The word "index" marks the lines to keep; find each one in the data and copy it.

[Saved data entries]
————————

(* Let $G$ be a canonically prime bichain graph, and let $\phi$ be an embedding of $G$ as an induced subgraph into a $Z$-grid $Z$ with vertex set $\{z_{i,j}:1\le i\le a,\ 1\le j\le b\}$ (for some $a,b\ge1$), where for $i<i'$, $z_{i,j}z_{i',j'}$ is an edge iff (1) $i$ odd, $i'=i+1$, $j>j'$; or (2) $i$ even, $i'=i+1$, $j\le j'$; or (3) $i$ even, $i'$ odd, $i'\ge i+3$. Then the set of columns $\{i : z_{i,j}\in\phi(V(G))\text{ for some }j\}$ is a set of consecutive integers.
   Context: A bichain graph is a bipartite graph admitting a bipartition in which each of the two parts can be divided into at most two chains, a chain being a set of vertices whose neighbourhoods are linearly ordered by inclusion. For bipartite graphs $G_1=(X_1,Y_1,E_1)$, $G_2=(X_2,Y_2,E_2)$ on disjoint vertex sets (given with bipartitions) define the disjoint union $G_1\oplus G_2=(X_1\cup X_2,Y_1\cup Y_2,E_1\cup E_2)$, the join $G_1\otimes G_2=(X_1\cup X_2,Y_1\cup Y_2,E_1\cup E_2\cup(X_1\times Y_2)\cup(X_2\times Y_1))$, and the skew join $G_1\oslash G_2=(X_1\cup X_2,Y_1\cup Y_2,E_1\cup E_2\cup(X_1\times Y_2))$. A bipartite graph is canonically prime if it cannot be written in the form $G_1\oplus G_2$, $G_1\otimes G_2$ or $G_1\oslash G_2$ with $G_1,G_2$ nonempty. In the grid, $i$ is the column index. *)

theory Defs
  imports Main
begin

definition bipartite_graph :: "'v set \<Rightarrow> 'v set \<Rightarrow> ('v \<times> 'v) set \<Rightarrow> bool" where
  "bipartite_graph X Y E \<longleftrightarrow> finite X \<and> finite Y \<and> X \<inter> Y = {} \<and> E \<subseteq> X \<times> Y"

definition adj :: "('v \<times> 'v) set \<Rightarrow> 'v \<Rightarrow> 'v \<Rightarrow> bool" where
  "adj E u v \<longleftrightarrow> (u, v) \<in> E \<or> (v, u) \<in> E"

definition nbhd :: "('v \<times> 'v) set \<Rightarrow> 'v \<Rightarrow> 'v set" where
  "nbhd E v = {u. adj E u v}"

definition is_chain :: "('v \<times> 'v) set \<Rightarrow> 'v set \<Rightarrow> bool" where
  "is_chain E C \<longleftrightarrow> (\<forall>u\<in>C. \<forall>v\<in>C. nbhd E u \<subseteq> nbhd E v \<or> nbhd E v \<subseteq> nbhd E u)"

definition bichain_graph :: "'v set \<Rightarrow> 'v set \<Rightarrow> ('v \<times> 'v) set \<Rightarrow> bool" where
  "bichain_graph X Y E \<longleftrightarrow> bipartite_graph X Y E \<and>
     (\<exists>P Q. P \<inter> Q = {} \<and> P \<union> Q = X \<union> Y \<and>
        (\<forall>u v. adj E u v \<longrightarrow> (u \<in> P \<and> v \<in> Q) \<or> (u \<in> Q \<and> v \<in> P)) \<and>
        (\<exists>C1 C2. P = C1 \<union> C2 \<and> is_chain E C1 \<and> is_chain E C2) \<and>
        (\<exists>C3 C4. Q = C3 \<union> C4 \<and> is_chain E C3 \<and> is_chain E C4))"

definition decomposable :: "'v set \<Rightarrow> 'v set \<Rightarrow> ('v \<times> 'v) set \<Rightarrow> bool" where
  "decomposable X Y E \<longleftrightarrow>
     (\<exists>X1 X2 Y1 Y2. X1 \<inter> X2 = {} \<and> X1 \<union> X2 = X \<and> Y1 \<inter> Y2 = {} \<and> Y1 \<union> Y2 = Y \<and>
        X1 \<union> Y1 \<noteq> {} \<and> X2 \<union> Y2 \<noteq> {} \<and>
        (let E1 = E \<inter> (X1 \<times> Y1); E2 = E \<inter> (X2 \<times> Y2) in
          E = E1 \<union> E2 \<or>
          E = E1 \<union> E2 \<union> (X1 \<times> Y2) \<union> (X2 \<times> Y1) \<or>
          E = E1 \<union> E2 \<union> (X1 \<times> Y2)))"

definition canonically_prime :: "'v set \<Rightarrow> 'v set \<Rightarrow> ('v \<times> 'v) set \<Rightarrow> bool" where
  "canonically_prime X Y E \<longleftrightarrow> bipartite_graph X Y E \<and> \<not> decomposable X Y E"

text \<open>Z-grid: vertex (i,j) stands for z_{i,j}, i the column index.\<close>
definition zgrid_vertices :: "nat \<Rightarrow> nat \<Rightarrow> (nat \<times> nat) set" where
  "zgrid_vertices a b = {(i, j). 1 \<le> i \<and> i \<le> a \<and> 1 \<le> j \<and> j \<le> b}"

definition zedge_lt :: "nat \<times> nat \<Rightarrow> nat \<times> nat \<Rightarrow> bool" where
  "zedge_lt p q \<longleftrightarrow> (case p of (i, j) \<Rightarrow> case q of (i', j') \<Rightarrow>
      i < i' \<and>
      ((odd i \<and> i' = i + 1 \<and> j > j') \<or>
       (even i \<and> i' = i + 1 \<and> j \<le> j') \<or>
       (even i \<and> odd i' \<and> i' \<ge> i + 3)))"

definition zadj :: "nat \<times> nat \<Rightarrow> nat \<times> nat \<Rightarrow> bool" where
  "zadj p q \<longleftrightarrow> zedge_lt p q \<or> zedge_lt q p"

definition induced_embedding_zgrid ::
  "'v set \<Rightarrow> ('v \<times> 'v) set \<Rightarrow> nat \<Rightarrow> nat \<Rightarrow> ('v \<Rightarrow> nat \<times> nat) \<Rightarrow> bool" where
  "induced_embedding_zgrid V E a b \<phi> \<longleftrightarrow>
     inj_on \<phi> V \<and> \<phi> ` V \<subseteq> zgrid_vertices a b \<and>
     (\<forall>u\<in>V. \<forall>v\<in>V. adj E u v \<longleftrightarrow> zadj (\<phi> u) (\<phi> v))"

end

theory Submission
  imports Defs
begin

text \<open>Edges of the Z-grid join columns of opposite parity, and across an empty column \<open>m\<close>
  every even column left of \<open>m\<close> is completely joined to every odd column right of it, with no
  other edges crossing \<open>m\<close>. Since the graph is not a disjoint union, its sides therefore have
  constant and opposite column parities, and a missing column \<open>m\<close> in the middle would exhibit
  the graph as a skew join of the parts left and right of \<open>m\<close>.\<close>

lemma decomposable_disjoint_union:
  assumes "A \<inter> (X \<union> Y) \<noteq> {}" "(X \<union> Y) - A \<noteq> {}"
    and "\<And>x y. (x, y) \<in> E \<Longrightarrow> x \<in> A \<longleftrightarrow> y \<in> A"
    and "E \<subseteq> X \<times> Y"
  shows "decomposable X Y E"
proof -
  have eq: "E = E \<inter> ((X \<inter> A) \<times> (Y \<inter> A)) \<union> E \<inter> ((X - A) \<times> (Y - A))"
    using assms(3,4) by auto
  have ne: "(X \<inter> A) \<union> (Y \<inter> A) \<noteq> {}" "(X - A) \<union> (Y - A) \<noteq> {}"
    using assms(1,2) by auto
  show ?thesis
    unfolding decomposable_def Let_def
    by (rule exI[of _ "X \<inter> A"], rule exI[of _ "X - A"], rule exI[of _ "Y \<inter> A"],
        rule exI[of _ "Y - A"]) (use eq ne in blast)
qed

lemma decomposable_skew_join:
  assumes "A \<inter> (X \<union> Y) \<noteq> {}" "(X \<union> Y) - A \<noteq> {}"
    and "\<And>x y. x \<in> X \<Longrightarrow> y \<in> Y \<Longrightarrow> x \<in> A \<Longrightarrow> y \<notin> A \<Longrightarrow> (x, y) \<in> E"
    and "\<And>x y. (x, y) \<in> E \<Longrightarrow> y \<in> A \<Longrightarrow> x \<in> A"
    and "E \<subseteq> X \<times> Y"
  shows "decomposable X Y E"
proof -
  have eq: "E = E \<inter> ((X \<inter> A) \<times> (Y \<inter> A)) \<union> E \<inter> ((X - A) \<times> (Y - A)) \<union> ((X \<inter> A) \<times> (Y - A))"
    using assms(3-5) by auto
  have ne: "(X \<inter> A) \<union> (Y \<inter> A) \<noteq> {}" "(X - A) \<union> (Y - A) \<noteq> {}"
    using assms(1,2) by auto
  show ?thesis
    unfolding decomposable_def Let_def
    by (rule exI[of _ "X \<inter> A"], rule exI[of _ "X - A"], rule exI[of _ "Y \<inter> A"],
        rule exI[of _ "Y - A"]) (use eq ne in blast)
qed

lemma zadj_sym: "zadj p q \<longleftrightarrow> zadj q p"
  unfolding zadj_def by auto

lemma zadj_parity: "zadj p q \<Longrightarrow> even (fst p) \<longleftrightarrow> odd (fst q)"
  unfolding zadj_def zedge_lt_def by (cases p; cases q; auto)

lemma zadj_across_column:
  assumes "fst p < m" "m < fst q"
  shows "zadj p q \<longleftrightarrow> even (fst p) \<and> odd (fst q)"
proof -
  obtain i j i' j' where pq: "p = (i, j)" "q = (i', j')" by (cases p, cases q)
  have "i + 2 \<le> i'" using assms pq by simp
  moreover have "even i \<Longrightarrow> odd i' \<Longrightarrow> i + 2 \<le> i' \<Longrightarrow> i + 3 \<le> i'"
    by (cases "i' = i + 2") auto
  ultimately show ?thesis using pq unfolding zadj_def zedge_lt_def by auto
qed

lemma induced_embedding_edge_iff:
  assumes "bipartite_graph X Y E" "induced_embedding_zgrid (X \<union> Y) E a b \<phi>"
    and "x \<in> X" "y \<in> Y"
  shows "(x, y) \<in> E \<longleftrightarrow> zadj (\<phi> x) (\<phi> y)"
proof -
  have "(y, x) \<notin> E" using assms(1,3,4) unfolding bipartite_graph_def by auto
  then show ?thesis
    using assms(2-4) unfolding induced_embedding_zgrid_def adj_def by auto
qed

lemma canonically_prime_column_parity:
  assumes "canonically_prime X Y E" "induced_embedding_zgrid (X \<union> Y) E a b \<phi>"
  shows "(\<forall>v\<in>X \<union> Y. even (fst (\<phi> v)) \<longleftrightarrow> v \<in> X) \<or> (\<forall>v\<in>X \<union> Y. odd (fst (\<phi> v)) \<longleftrightarrow> v \<in> X)"
proof (rule ccontr)
  define A where "A = {v. even (fst (\<phi> v)) \<longleftrightarrow> v \<in> X}"
  assume not_aligned: "\<not> ?thesis"
  have bip: "bipartite_graph X Y E"
    using assms(1) unfolding canonically_prime_def by simp
  have "decomposable X Y E"
  proof (rule decomposable_disjoint_union[where A = A])
    show "A \<inter> (X \<union> Y) \<noteq> {}" "(X \<union> Y) - A \<noteq> {}"
      using not_aligned unfolding A_def by auto
    show "E \<subseteq> X \<times> Y" using bip unfolding bipartite_graph_def by simp
  next
    fix x y
    assume "(x, y) \<in> E"
    moreover from this have "x \<in> X" "y \<in> Y" "y \<notin> X"
      using bip unfolding bipartite_graph_def by auto
    ultimately show "x \<in> A \<longleftrightarrow> y \<in> A"
      using zadj_parity[of "\<phi> x" "\<phi> y"] induced_embedding_edge_iff[OF bip assms(2)]
      unfolding A_def by auto
  qed
  with assms(1) show False unfolding canonically_prime_def by simp
qed

lemma decomposable_at_empty_column_X_even:
  assumes "bipartite_graph X Y E" "induced_embedding_zgrid (X \<union> Y) E a b \<phi>"
    and parity: "\<forall>v\<in>X \<union> Y. even (fst (\<phi> v)) \<longleftrightarrow> v \<in> X"
    and "m \<notin> fst ` \<phi> ` (X \<union> Y)"
    and "u \<in> X \<union> Y" "w \<in> X \<union> Y" "fst (\<phi> u) < m" "m < fst (\<phi> w)"
  shows "decomposable X Y E"
proof (rule decomposable_skew_join[where A = "{v. fst (\<phi> v) < m}"])
  have E: "E \<subseteq> X \<times> Y" "X \<inter> Y = {}" using assms(1) unfolding bipartite_graph_def by auto
  then show "E \<subseteq> X \<times> Y" by simp
  show "{v. fst (\<phi> v) < m} \<inter> (X \<union> Y) \<noteq> {}" using assms(5,7) by blast
  show "(X \<union> Y) - {v. fst (\<phi> v) < m} \<noteq> {}" using assms(6,8) by auto
  have side: "v \<in> X \<union> Y \<Longrightarrow> \<not> fst (\<phi> v) < m \<Longrightarrow> m < fst (\<phi> v)" for v
    using assms(4) by (metis image_eqI linorder_neqE_nat)
  note edge = induced_embedding_edge_iff[OF assms(1,2)]
  {
    fix x y
    assume "x \<in> X" "y \<in> Y" "x \<in> {v. fst (\<phi> v) < m}" "y \<notin> {v. fst (\<phi> v) < m}"
    then have "fst (\<phi> x) < m" "m < fst (\<phi> y)" "even (fst (\<phi> x))" "odd (fst (\<phi> y))"
      using side[of y] parity E(2) by auto
    with \<open>x \<in> X\<close> \<open>y \<in> Y\<close> show "(x, y) \<in> E" by (simp add: edge zadj_across_column)
  next
    fix x y
    assume "(x, y) \<in> E" "y \<in> {v. fst (\<phi> v) < m}"
    then have "x \<in> X" "y \<in> Y" "fst (\<phi> y) < m" "odd (fst (\<phi> y))"
      using E parity by auto
    with \<open>(x, y) \<in> E\<close> have "\<not> m < fst (\<phi> x)"
      using edge zadj_across_column[of "\<phi> y" m "\<phi> x"] zadj_sym by auto
    with \<open>x \<in> X\<close> show "x \<in> {v. fst (\<phi> v) < m}" using side by auto
  }
qed

lemma decomposable_at_empty_column_X_odd:
  assumes "bipartite_graph X Y E" "induced_embedding_zgrid (X \<union> Y) E a b \<phi>"
    and parity: "\<forall>v\<in>X \<union> Y. odd (fst (\<phi> v)) \<longleftrightarrow> v \<in> X"
    and "m \<notin> fst ` \<phi> ` (X \<union> Y)"
    and "u \<in> X \<union> Y" "w \<in> X \<union> Y" "fst (\<phi> u) < m" "m < fst (\<phi> w)"
  shows "decomposable X Y E"
proof (rule decomposable_skew_join[where A = "{v. m < fst (\<phi> v)}"])
  have E: "E \<subseteq> X \<times> Y" "X \<inter> Y = {}" using assms(1) unfolding bipartite_graph_def by auto
  then show "E \<subseteq> X \<times> Y" by simp
  show "{v. m < fst (\<phi> v)} \<inter> (X \<union> Y) \<noteq> {}" using assms(6,8) by blast
  show "(X \<union> Y) - {v. m < fst (\<phi> v)} \<noteq> {}" using assms(5,7) by auto
  have side: "v \<in> X \<union> Y \<Longrightarrow> \<not> m < fst (\<phi> v) \<Longrightarrow> fst (\<phi> v) < m" for v
    using assms(4) by (metis image_eqI linorder_neqE_nat)
  note edge = induced_embedding_edge_iff[OF assms(1,2)]
  {
    fix x y
    assume "x \<in> X" "y \<in> Y" "x \<in> {v. m < fst (\<phi> v)}" "y \<notin> {v. m < fst (\<phi> v)}"
    then have "fst (\<phi> y) < m" "m < fst (\<phi> x)" "even (fst (\<phi> y))" "odd (fst (\<phi> x))"
      using side[of y] parity E(2) by auto
    then have "zadj (\<phi> y) (\<phi> x)" by (simp add: zadj_across_column)
    with \<open>x \<in> X\<close> \<open>y \<in> Y\<close> show "(x, y) \<in> E" using edge zadj_sym by blast
  next
    fix x y
    assume "(x, y) \<in> E" "y \<in> {v. m < fst (\<phi> v)}"
    then have "x \<in> X" "y \<in> Y" "m < fst (\<phi> y)" "odd (fst (\<phi> x))"
      using E parity by auto
    with \<open>(x, y) \<in> E\<close> have "\<not> fst (\<phi> x) < m"
      using edge zadj_across_column[of "\<phi> x" m "\<phi> y"] by auto
    with \<open>x \<in> X\<close> show "x \<in> {v. m < fst (\<phi> v)}" using side by auto
  }
qed

lemma canonically_prime_no_empty_column:
  assumes "canonically_prime X Y E" "induced_embedding_zgrid (X \<union> Y) E a b \<phi>"
    and "u \<in> X \<union> Y" "w \<in> X \<union> Y" "fst (\<phi> u) < m" "m < fst (\<phi> w)"
  shows "m \<in> fst ` \<phi> ` (X \<union> Y)"
proof (rule ccontr)
  assume empty: "m \<notin> fst ` \<phi> ` (X \<union> Y)"
  have bip: "bipartite_graph X Y E"
    using assms(1) unfolding canonically_prime_def by simp
  from canonically_prime_column_parity[OF assms(1,2)] have "decomposable X Y E"
    using decomposable_at_empty_column_X_even[OF bip assms(2) _ empty assms(3-6)]
      decomposable_at_empty_column_X_odd[OF bip assms(2) _ empty assms(3-6)]
    by blast
  with assms(1) show False unfolding canonically_prime_def by simp
qed

theorem lemma17:
  fixes X Y :: "'v set" and E :: "('v \<times> 'v) set" and a b :: nat and \<phi> :: "'v \<Rightarrow> nat \<times> nat"
  assumes "canonically_prime X Y E"
    and "bichain_graph X Y E"
    and "1 \<le> a" and "1 \<le> b"
    and "induced_embedding_zgrid (X \<union> Y) E a b \<phi>"
  shows "\<forall>i\<in>fst ` \<phi> ` (X \<union> Y). \<forall>k\<in>fst ` \<phi> ` (X \<union> Y). \<forall>m. i \<le> m \<and> m \<le> k \<longrightarrow>
           m \<in> fst ` \<phi> ` (X \<union> Y)"
proof (intro ballI allI impI)
  fix i k m
  assume "i \<in> fst ` \<phi> ` (X \<union> Y)" "k \<in> fst ` \<phi> ` (X \<union> Y)" and ikm: "i \<le> m \<and> m \<le> k"
  then obtain u w where uw: "u \<in> X \<union> Y" "w \<in> X \<union> Y" "fst (\<phi> u) = i" "fst (\<phi> w) = k"
    by blast
  show "m \<in> fst ` \<phi> ` (X \<union> Y)"
  proof (cases "m = i \<or> m = k")
    case True
    then show ?thesis using uw by auto
  next
    case False
    with ikm uw have "fst (\<phi> u) < m" "m < fst (\<phi> w)" by auto
    with canonically_prime_no_empty_column[OF assms(1,5) uw(1,2)] show ?thesis .
  qed
qed

end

————————

» REPLY TO THE TASK
   Context: A bichain graph is a bipartite graph admitting a bipartition in which each of the two parts can be divided into at most two chains, a chain being a set of vertices whose neighbourhoods are linearly ordered by inclusion. For bipartite graphs $G_1=(X_1,Y_1,E_1)$, $G_2=(X_2,Y_2,E_2)$ on disjoint vertex sets (given with bipartitions) define the disjoint union $G_1\oplus G_2=(X_1\cup X_2,Y_1\cup Y_2,E_1\cup E_2)$, the join $G_1\otimes G_2=(X_1\cup X_2,Y_1\cup Y_2,E_1\cup E_2\cup(X_1\times Y_2)\cup(X_2\times Y_1))$, and the skew join $G_1\oslash G_2=(X_1\cup X_2,Y_1\cup Y_2,E_1\cup E_2\cup(X_1\times Y_2))$. A bipartite graph is canonically prime if it cannot be written in the form $G_1\oplus G_2$, $G_1\otimes G_2$ or $G_1\oslash G_2$ with $G_1,G_2$ nonempty. In the grid, $i$ is the column index. *)
text \<open>Z-grid: vertex (i,j) stands for z_{i,j}, i the column index.\<close>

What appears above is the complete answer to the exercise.